Building a Portfolio, through diversification and syndication.
Due to the ever increasing price of properties, restrictions on loans, increasing and new duties and taxes, it is becoming harder for investors to increase their portfolios.
The question … what’s the next step for investors who want to keep growing and increasing their property portfolios and have cash of AUD$100-$150,000 but perhaps:
-Don’t want to (or cant) put down the huge down payments now required for most residential property
-Don’t want to pay the new foreign investors duties and taxes
-Don’t want to pay Stamp Duty
-Can’t get a bank loan for the mortgage because of being self-employed, age, unable to provide sufficient income (or other reasons)
Syndication offers many benefits
That is why buyers turn towards property investment syndicates. In an investment like a property syndicate, multiple investors pool their cash to buy (usually) a commercial property.
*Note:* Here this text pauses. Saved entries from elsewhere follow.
(* Identify v in {-1,1}^n with the set A of its +1 coordinates, v = sign_vec n A.  A subset
   W of V is encoded by a sign function F on subsets of {1..n} that is odd under complement:
   W consists of the sign vectors of the sets A containing 1 with F A = 1.  Then 0 lies in
   P(V) - g(V) - c 1 as soon as the moments sum_A F(A) sign_vec n A i all equal
   2c = binom(n-1, n/2).  The majority sign does this off the middle layer |A| = n/2, so it
   remains to find an odd sign function on the middle layer with vanishing moments.  Here the
   odd divisor m > 1 of n enters: group the coordinates into residue classes mod m.  If every
   class is balanced, take the product of m coordinates from distinct classes; it is odd
   since m is odd, and flipping a class that avoids i pairs off the i-th moment.  Otherwise
   take the sign of the sum, over the m rotations of the vector of class imbalances, of its
   first nonzero entry: this sum of m signs is odd, hence nonzero, and is invariant under the
   cyclic shift of coordinates, so the i-th moment does not depend on i, while the moments
   add up to 0.  The inclusion in K_M holds because coordinate i of a partial sum of V is at
   most the number of v in V with v i = 1. *)

lemma sum_subset_le_half_sum_plus_card:
  fixes f :: "'a \<Rightarrow> real"
  assumes "finite V" "W \<subseteq> V" "\<And>v. v \<in> V \<Longrightarrow> \<bar>f v\<bar> \<le> 1"
  shows "sum f W \<le> (sum f V + card V) / 2"
proof -
  have "sum f W \<le> (\<Sum>v\<in>W. (f v + 1) / 2)"
    using assms by (intro sum_mono) force
  also have "\<dots> \<le> (\<Sum>v\<in>V. (f v + 1) / 2)"
    using assms by (intro sum_mono2) force+
  also have "\<dots> = (sum f V + card V) / 2"
    by (simp add: sum.distrib flip: sum_divide_distrib)
  finally show ?thesis .
qed

lemma card_subsets_containing_gt:
  assumes "finite S" "i \<in> S"
  shows "card {A. A \<subseteq> S \<and> i \<in> A \<and> t < card A}
           = card {A. A \<subseteq> S \<and> i \<notin> A \<and> t < card A} + ((card S - 1) choose t)"
proof -
  let ?ge = "{B. B \<subseteq> S - {i} \<and> t \<le> card B}"
  let ?gt = "{B. B \<subseteq> S - {i} \<and> t < card B}"
  let ?eq = "{B. B \<subseteq> S - {i} \<and> card B = t}"
  have "card (insert i B) = Suc (card B)" if "B \<subseteq> S - {i}" for B
    using assms(1) that by (meson card_insert_disjoint finite_Diff finite_subset subset_Diff_insert)
  then have "bij_betw (insert i) ?ge {A. A \<subseteq> S \<and> i \<in> A \<and> t < card A}"
    by (intro bij_betw_byWitness[where f' = "\<lambda>A. A - {i}"])
       (use assms in \<open>auto simp: subset_insert_iff\<close>)
  then have "card {A. A \<subseteq> S \<and> i \<in> A \<and> t < card A} = card ?ge"
    by (simp add: bij_betw_same_card)
  also have "?ge = ?gt \<union> ?eq" by auto
  also have "card (?gt \<union> ?eq) = card ?gt + card ?eq"
    by (rule card_Un_disjoint) (use assms(1) in auto)
  also have "?gt = {A. A \<subseteq> S \<and> i \<notin> A \<and> t < card A}" by auto
  also have "card ?eq = (card S - 1) choose t"
    using assms by (simp add: n_subsets)
  finally show ?thesis .
qed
This collective contribution helps to easily purchase real estate which would be difficult to buy for a single investor. And if you’d rather not spend your time researching individual properties, attending exhibitions and so on, syndication is a great option for putting your cash to work while letting experts do all the work.
Our property syndication investment model is ideal for sophisticated investors that are interested in an alternative to classic property investment that offers potentially higher yields, risk mitigation, increased security and strong capital growth on medium term investments.
Advantages of Syndicated Property Investment:
The obvious advantage of such an investment is the amount of cash you save. It’s no secret that to buy a decent property in Australia or Hong Kong, you need a lot of money just for the down payment. In addition, for foreign buyers, Australia has additional taxes* on top of the purchase price of up to 12%, while Hong Kong has taxes* up to 30% on residential real estate. (*The Government refers to these taxes as Stamp Duties or Additional Buyer Duties)
With the help of syndicates, you can invest in a blue chip, high quality property that may otherwise be out of reach. Best of all, many establishe, long standing professional property companies buy properties that they can “value-add” to, speeding up and increasing the capital growth rate.
Less Cash Needed for Growth
In case you purchase a property or properties on your own, it can be difficult for you to keep making these investments. You either might need to save up for that huge amount for each deposit or grow the equity of your current property. You can make smaller and regular investments by investing in syndicates which means that you need less cash for growth.